lemma has_sum_bern_weight: "(bern_weight has_sum 3/4) UNIV"
proof -
  have "(\<Sum>n. (1/2::real) ^ n / c) = 2 / c" for c
    using suminf_divide [OF summable_geometric [of "1/2::real"], of c] suminf_geometric [of "1/2::real"]
    by simp
  then show ?thesis
    using has_sum_bern_weight_dominated [of bern_weight]
    by (simp only: bern_weight_of_nat bern_weight_neg) simp
qed

definition bern_d_term :: "(int \<Rightarrow> bool) \<Rightarrow> (int \<Rightarrow> bool) \<Rightarrow> int \<Rightarrow> real" where
  "bern_d_term x y k = bern_weight k * of_bool (x k \<noteq> y k)"

lemma bern_d_term_nonneg: "0 \<le> bern_d_term x y k"
  and bern_d_term_le: "bern_d_term x y k \<le> bern_weight k"
  by (simp_all add: bern_d_term_def)

lemma has_sum_bern_d: "(bern_d_term x y has_sum bern_d x y) UNIV"
proof -
  have "bern_d_term x y summable_on UNIV"
    using has_sum_bern_weight_dominated [OF bern_d_term_nonneg bern_d_term_le]
    by (rule has_sum_imp_summable)
  moreover have "infsum (bern_d_term x y) UNIV = bern_d x y"
    unfolding bern_d_def bern_d_term_def [abs_def] bern_weight_def ..
  ultimately show ?thesis
    by (simp add: has_sum_iff)
qed

(* Measurability of bern_d is derived from this form: there is no measurability rule for infsum. *)
lemma bern_d_eq_suminf:
  "bern_d x y = (\<Sum>n. bern_d_term x y (int n)) + (\<Sum>n. bern_d_term x y (- int (Suc n)))"
  using has_sum_bern_d has_sum_bern_weight_dominated [OF bern_d_term_nonneg bern_d_term_le]
  by (rule has_sum_unique)

lemma bern_d_nonneg: "0 \<le> bern_d x y"
  using has_sum_bern_d by (rule has_sum_nonneg) (rule bern_d_term_nonneg)

lemma bern_d_le: "bern_d x y \<le> 3/4"
  using has_sum_bern_d has_sum_bern_weight by (rule has_sum_mono) (rule bern_d_term_le)

definition flip_at :: "int \<Rightarrow> (int \<Rightarrow> bool) \<Rightarrow> int \<Rightarrow> bool" where
  "flip_at k x = x(k := \<not> x k)"

lemma bern_d_flip_at:
  "bern_d (flip_at k x) y = bern_d x y + (if x k = y k then bern_weight k else - bern_weight k)"
proof -
  let ?\<delta> = "if x k = y k then bern_weight k else - bern_weight k"
  have "((\<lambda>j. if j = k then ?\<delta> else 0) has_sum ?\<delta>) UNIV"
    by (rule has_sum_finite_neutralI [of "{k}"]) auto
  from has_sum_add [OF has_sum_bern_d this]
  have "(bern_d_term (flip_at k x) y has_sum bern_d x y + ?\<delta>) UNIV"
    by (rule has_sum_cong [THEN iffD1, rotated]) (auto simp: bern_d_term_def flip_at_def)
  with has_sum_bern_d show ?thesis
    by (rule has_sum_unique)
qed

section \<open>The Bernoulli measure and its symmetries\<close>

abbreviation coin :: "bool measure" where
  "coin \<equiv> measure_pmf (bernoulli_pmf (1/2))"

lemma prob_space_bern_mu: "prob_space bern_mu"
  unfolding bern_mu_def by (rule prob_space_PiM) (rule prob_space_measure_pmf)

lemma measurable_coin_iff: "measurable N coin = measurable N (count_space UNIV)"
  by (rule measurable_cong_sets) auto

lemma measurable_bern_mu_component [measurable]:
  "(\<lambda>x. x k) \<in> measurable bern_mu (count_space UNIV)"
  unfolding bern_mu_def measurable_coin_iff [symmetric]
  by (rule measurable_component_singleton) simp

lemma measurable_bern_d [measurable]:
  assumes "f \<in> measurable N bern_mu" and "g \<in> measurable N bern_mu"
  shows "(\<lambda>w. bern_d (f w) (g w)) \<in> borel_measurable N"
proof -
  have [measurable]: "(\<lambda>w. f w k) \<in> measurable N (count_space UNIV)"
    and [measurable]: "(\<lambda>w. g w k) \<in> measurable N (count_space UNIV)" for k
    using assms by (auto intro: measurable_compose [OF _ measurable_bern_mu_component])
  have [measurable]: "(\<lambda>w. bern_d_term (f w) (g w) k) \<in> borel_measurable N" for k
    unfolding bern_d_term_def by measurable
  show ?thesis
    unfolding bern_d_eq_suminf by measurable
qed

lemma measurable_bern_shift: "shift \<in> measurable bern_mu bern_mu"
proof -
  have "(\<lambda>x. x (k + 1)) \<in> measurable bern_mu coin" for k
    unfolding bern_mu_def by (rule measurable_component_singleton) simp
  then show ?thesis
    unfolding bern_mu_def shift_def by (intro measurable_PiM_single') (auto simp: bern_mu_def)
qed

lemma distr_shift_bern_mu: "distr bern_mu bern_mu shift = bern_mu"
proof -
  have "shift = (\<lambda>x. \<lambda>k\<in>UNIV. x (k + 1))"
    by (simp add: shift_def [abs_def] restrict_UNIV)
  then show ?thesis
    using distr_PiM_reindex [of UNIV "\<lambda>_. coin" "\<lambda>k::int. k + 1" UNIV]
    by (simp add: bern_mu_def prob_space_measure_pmf inj_on_def)
qed

lemma measurable_flip_at: "flip_at k \<in> measurable bern_mu bern_mu"
proof -
  have "(\<lambda>x. if j = k then \<not> x j else x j) \<in> measurable bern_mu coin" for j
    unfolding measurable_coin_iff by measurable
  moreover have "(\<lambda>x. flip_at k x j) = (\<lambda>x. if j = k then \<not> x j else x j)" for j
    by (auto simp: flip_at_def)
  ultimately have "(\<lambda>x. flip_at k x j) \<in> measurable bern_mu coin" for j
    by simp
  then show ?thesis
    unfolding bern_mu_def by (intro measurable_PiM_single') (auto simp: bern_mu_def space_PiM)
qed
lemma lipschitz_on_Icc_deriv_ln_mult:
  fixes f h :: "real \<Rightarrow> real"
  assumes f: "smooth_on {0..} f" and h: "smooth_on UNIV h"
    and f_pos: "\<And>s. s > 0 \<Longrightarrow> f s > 0" and h_pos: "\<And>s. s > 0 \<Longrightarrow> h s > 0"
    and "0 < m"
  shows "\<exists>L. L-lipschitz_on {m..M} (deriv (\<lambda>s. ln (f s * h s)))"
proof -
  have pos: "s > 0" if "s \<in> {m..M}" for s
    using that \<open>0 < m\<close> by simp
  have int_f: "{m..M} \<subseteq> interior {0..}" and int_h: "{m..M} \<subseteq> interior UNIV"
    using pos by auto
  obtain Lf where Lf: "Lf-lipschitz_on {m..M} (deriv (\<lambda>s. ln (f s)))"
    and df: "\<And>x. x \<in> {m..M} \<Longrightarrow>
      ((\<lambda>s. ln (f s)) has_real_derivative deriv (\<lambda>s. ln (f s)) x) (at x)"
    using lipschitz_on_deriv_ln_smooth[OF f int_f f_pos[OF pos]] by blast
  obtain Lh where Lh: "Lh-lipschitz_on {m..M} (deriv (\<lambda>s. ln (h s)))"
    and dh: "\<And>x. x \<in> {m..M} \<Longrightarrow>
      ((\<lambda>s. ln (h s)) has_real_derivative deriv (\<lambda>s. ln (h s)) x) (at x)"
    using lipschitz_on_deriv_ln_smooth[OF h int_h h_pos[OF pos]] by blast
  have "deriv (\<lambda>s. ln (f s * h s)) x = deriv (\<lambda>s. ln (f s)) x + deriv (\<lambda>s. ln (h s)) x"
    if x: "x \<in> {m..M}" for x
  proof (rule DERIV_imp_deriv)
    show "((\<lambda>s. ln (f s * h s)) has_real_derivative
        deriv (\<lambda>s. ln (f s)) x + deriv (\<lambda>s. ln (h s)) x) (at x)"
    proof (rule has_field_derivative_transform_within_open[OF DERIV_add[OF df[OF x] dh[OF x]]])
      show "ln (f s) + ln (h s) = ln (f s * h s)" if "s \<in> {0<..}" for s
        using f_pos[of s] h_pos[of s] that by (simp add: ln_mult)
    qed (use pos[OF x] in auto)
  qed
  then have "(Lf + Lh)-lipschitz_on {m..M} (deriv (\<lambda>s. ln (f s * h s)))"
    by (rule lipschitz_on_transform[OF lipschitz_on_add[OF Lf Lh]])
  then show ?thesis ..
qed

lemma lipschitz_on_compact_deriv_ln_mult:
  fixes f h :: "real \<Rightarrow> real"
  assumes f: "smooth_on {0..} f" and h: "smooth_on UNIV h"
    and f_pos: "\<And>s. s > 0 \<Longrightarrow> f s > 0" and h_pos: "\<And>s. s > 0 \<Longrightarrow> h s > 0"
    and K: "compact K" "K \<subseteq> {0<..}"
  shows "\<exists>L. L-lipschitz_on K (deriv (\<lambda>s. ln (f s * h s)))"
proof (cases "K = {}")
  case False
  obtain m where m: "m \<in> K" "\<And>y. y \<in> K \<Longrightarrow> m \<le> y"
    using compact_attains_inf[OF K(1) False] by blast
  obtain M where M: "\<And>y. y \<in> K \<Longrightarrow> y \<le> M"
    using compact_attains_sup[OF K(1) False] by blast
  have "0 < m" using m(1) K(2) by auto
  then obtain L where "L-lipschitz_on {m..M} (deriv (\<lambda>s. ln (f s * h s)))"
    using lipschitz_on_Icc_deriv_ln_mult[OF f h f_pos h_pos] by blast
  moreover have "K \<subseteq> {m..M}" using m(2) M by auto
  ultimately show ?thesis using lipschitz_on_subset by blast
qed auto

lemma DERIV_le_mult_imp_nonpos:
  fixes E E' :: "real \<Rightarrow> real"
  assumes "a \<le> b" and cont: "continuous_on {a..b} E"
    and deriv: "\<And>x. a < x \<Longrightarrow> x < b \<Longrightarrow> (E has_real_derivative E' x) (at x)"
    and le: "\<And>x. a < x \<Longrightarrow> x < b \<Longrightarrow> E' x \<le> C * E x"
    and "E a \<le> 0"
  shows "E b \<le> 0"
proof -
  define F where "F x = E x * exp (- C * x)" for x
  have "F b \<le> F a"
  proof (rule DERIV_nonpos_imp_decreasing_open[OF \<open>a \<le> b\<close>])
    fix x assume x: "a < x" "x < b"
    have "(F has_real_derivative (E' x - C * E x) * exp (- C * x)) (at x)"
      unfolding F_def using deriv[OF x] by (auto intro!: derivative_eq_intros simp: algebra_simps)
    moreover have "(E' x - C * E x) * exp (- C * x) \<le> 0"
      using le[OF x] by (simp add: mult_nonpos_nonneg)
    ultimately show "\<exists>y. (F has_real_derivative y) (at x) \<and> y \<le> 0" by blast
  qed (unfold F_def, intro continuous_intros cont)
  also have "F a \<le> 0"
    unfolding F_def using \<open>E a \<le> 0\<close> by (simp add: mult_nonpos_nonneg)
  finally show ?thesis by (simp add: F_def mult_le_0_iff)
qed

lemma DERIV_abs_le_mult_imp_zero:
  fixes E E' :: "real \<Rightarrow> real"
  assumes deriv: "\<And>t. t \<in> {a..b} \<Longrightarrow> (E has_real_derivative E' t) (at t within {a..b})"
    and le: "\<And>t. t \<in> {a..b} \<Longrightarrow> \<bar>E' t\<bar> \<le> C * E t"
    and nonneg: "\<And>t. t \<in> {a..b} \<Longrightarrow> 0 \<le> E t"
    and t0: "t0 \<in> {a..b}" "E t0 = 0" and t: "t \<in> {a..b}"
  shows "E t = 0"
proof -
  have cont: "continuous_on {a..b} E"
    unfolding continuous_on_eq_continuous_within using deriv DERIV_continuous by blast
  have deriv_at: "(E has_real_derivative E' x) (at x)" if "a < x" "x < b" for x
    using deriv[of x] that by (simp add: at_within_Icc_at)
  consider "t0 \<le> t" | "t \<le> t0" by linarith
  then have "E t \<le> 0"
  proof cases
    case 1
    show ?thesis
    proof (rule DERIV_le_mult_imp_nonpos[OF 1, where C = C])
      show "continuous_on {t0..t} E"
        using cont by (rule continuous_on_subset) (use t0 t in auto)
      fix x assume x: "t0 < x" "x < t"
      show "(E has_real_derivative E' x) (at x)"
        using deriv_at x t0 t by simp
      show "E' x \<le> C * E x"
        using le[of x] x t0 t by (simp add: abs_le_iff)
    qed (use t0 in simp)
  next
    case 2
    have "E (- (- t)) \<le> 0"
    proof (rule DERIV_le_mult_imp_nonpos[of "- t0" "- t" "\<lambda>x. E (- x)" "\<lambda>x. - E' (- x)" C])
      show "continuous_on {- t0..- t} (\<lambda>x. E (- x))"
        using cont t0 t
        by (intro continuous_on_compose2[OF cont] continuous_intros) auto
      fix x assume x: "- t0 < x" "x < - t"
      show "((\<lambda>x. E (- x)) has_real_derivative - E' (- x)) (at x)"
        using deriv_at[of "- x"] x t0 t by (simp add: DERIV_mirror)
      show "- E' (- x) \<le> C * E (- x)"
        using le[of "- x"] x t0 t by (auto simp: abs_le_iff)
    qed (use 2 t0 in auto)
    then show ?thesis by simp
  qed
  with nonneg[OF t] show ?thesis by simp
qed

lemma abs_sin_minus_sin_le: "\<bar>sin (a::real) - sin b\<bar> \<le> \<bar>a - b\<bar>"
proof -
  have "\<bar>sin a - sin b\<bar> = 2 * \<bar>sin ((a - b) / 2)\<bar> * \<bar>cos ((a + b) / 2)\<bar>"
    by (simp add: sin_diff_sin abs_mult)
  also have "\<dots> \<le> 2 * \<bar>(a - b) / 2\<bar> * 1"
    by (intro mult_mono abs_sin_x_le_abs_x) auto
  finally show ?thesis by simp
qed

lemma abs_cos_minus_cos_le: "\<bar>cos (a::real) - cos b\<bar> \<le> \<bar>a - b\<bar>"
proof -
  have "\<bar>cos a - cos b\<bar> = 2 * \<bar>sin ((a + b) / 2)\<bar> * \<bar>sin ((b - a) / 2)\<bar>"
    by (simp add: cos_diff_cos abs_mult)
  also have "\<dots> \<le> 2 * 1 * \<bar>(b - a) / 2\<bar>"
    by (intro mult_mono abs_sin_x_le_abs_x) auto
  finally show ?thesis by simp
qed

lemma curvature_ode_stationary:
  fixes r \<alpha> g :: "real \<Rightarrow> real"
  assumes r': "\<And>t. t \<in> {a..b} \<Longrightarrow> (r has_real_derivative cos (\<alpha> t)) (at t within {a..b})"
    and \<alpha>': "\<And>t. t \<in> {a..b} \<Longrightarrow>
      (\<alpha> has_real_derivative \<kappa> - g (r t) * sin (\<alpha> t)) (at t within {a..b})"
    and lip: "L-lipschitz_on (r ` {a..b}) g"
    and t0: "t0 \<in> {a..b}" and cos0: "cos (\<alpha> t0) = 0" and \<kappa>: "\<kappa> = g (r t0) * sin (\<alpha> t0)"
    and t: "t \<in> {a..b}"
  shows "r t = r t0 \<and> \<alpha> t = \<alpha> t0"
proof -
  define E where "E s = (r s - r t0)\<^sup>2 + (\<alpha> s - \<alpha> t0)\<^sup>2" for s
  define E' where "E' s = 2 * (r s - r t0) * cos (\<alpha> s)
    + 2 * (\<alpha> s - \<alpha> t0) * (\<kappa> - g (r s) * sin (\<alpha> s))" for s
  define C where "C = 1 + L + 2 * \<bar>g (r t0)\<bar>"
  have "E s = 0" if s: "s \<in> {a..b}" for s
  proof (rule DERIV_abs_le_mult_imp_zero[OF _ _ _ t0 _ s])
    fix s assume s: "s \<in> {a..b}"
    show "(E has_real_derivative E' s) (at s within {a..b})"
      unfolding E_def E'_def using r'[OF s] \<alpha>'[OF s]
      by (auto intro!: derivative_eq_intros simp: algebra_simps)
    define x where "x = \<bar>r s - r t0\<bar>"
    define y where "y = \<bar>\<alpha> s - \<alpha> t0\<bar>"
    have cos_le: "\<bar>cos (\<alpha> s)\<bar> \<le> y"
      using abs_cos_minus_cos_le[of "\<alpha> s" "\<alpha> t0"] cos0 unfolding y_def by simp
    have "\<bar>\<kappa> - g (r s) * sin (\<alpha> s)\<bar>
        = \<bar>g (r t0) * (sin (\<alpha> t0) - sin (\<alpha> s)) + (g (r t0) - g (r s)) * sin (\<alpha> s)\<bar>"
      unfolding \<kappa> by (simp add: algebra_simps)
    also have "\<dots> \<le> \<bar>g (r t0)\<bar> * \<bar>sin (\<alpha> t0) - sin (\<alpha> s)\<bar> + \<bar>g (r t0) - g (r s)\<bar> * \<bar>sin (\<alpha> s)\<bar>"
      by (metis abs_mult abs_triangle_ineq)
    also have "\<dots> \<le> \<bar>g (r t0)\<bar> * y + L * x * 1"
    proof (intro add_mono mult_mono)
      show "\<bar>sin (\<alpha> t0) - sin (\<alpha> s)\<bar> \<le> y"
        using abs_sin_minus_sin_le[of "\<alpha> t0" "\<alpha> s"] unfolding y_def by (simp add: abs_minus_commute)
      show "\<bar>g (r t0) - g (r s)\<bar> \<le> L * x"
        using lipschitz_onD[OF lip, of "r t0" "r s"] t0 s unfolding x_def
        by (simp add: dist_real_def abs_minus_commute)
    qed (use lipschitz_on_nonneg[OF lip] in \<open>auto simp: x_def\<close>)
    finally have \<alpha>'_le: "\<bar>\<kappa> - g (r s) * sin (\<alpha> s)\<bar> \<le> \<bar>g (r t0)\<bar> * y + L * x" by simp
    have "\<bar>E' s\<bar> \<le> 2 * x * \<bar>cos (\<alpha> s)\<bar> + 2 * y * \<bar>\<kappa> - g (r s) * sin (\<alpha> s)\<bar>"
      unfolding E'_def x_def y_def by (rule order_trans[OF abs_triangle_ineq]) (simp only: abs_mult abs_numeral order_refl)
    also have "\<dots> \<le> 2 * x * y + 2 * y * (\<bar>g (r t0)\<bar> * y + L * x)"
      by (intro add_mono mult_left_mono cos_le \<alpha>'_le) (auto simp: x_def y_def)
    also have "\<dots> \<le> C * (x\<^sup>2 + y\<^sup>2)"
    proof -
      have "C * (x\<^sup>2 + y\<^sup>2) - (2 * x * y + 2 * y * (\<bar>g (r t0)\<bar> * y + L * x))
          = (1 + L) * (x - y)\<^sup>2 + 2 * \<bar>g (r t0)\<bar> * x\<^sup>2"
        unfolding C_def by (simp add: algebra_simps power2_eq_square)
      moreover have "0 \<le> (1 + L) * (x - y)\<^sup>2 + 2 * \<bar>g (r t0)\<bar> * x\<^sup>2"
        using lipschitz_on_nonneg[OF lip] by simp
      ultimately show ?thesis by linarith
    qed
    also have "\<dots> = C * E s" unfolding E_def x_def y_def by simp
    finally show "\<bar>E' s\<bar> \<le> C * E s" .
  qed (simp_all add: E_def)
  then show ?thesis
    using t unfolding E_def by (simp add: add_nonneg_eq_0_iff)
qed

[WHAT TO DO]
Write down only the number of lines that contain the string "intro" in the listing.

[TASK ANSWER]
11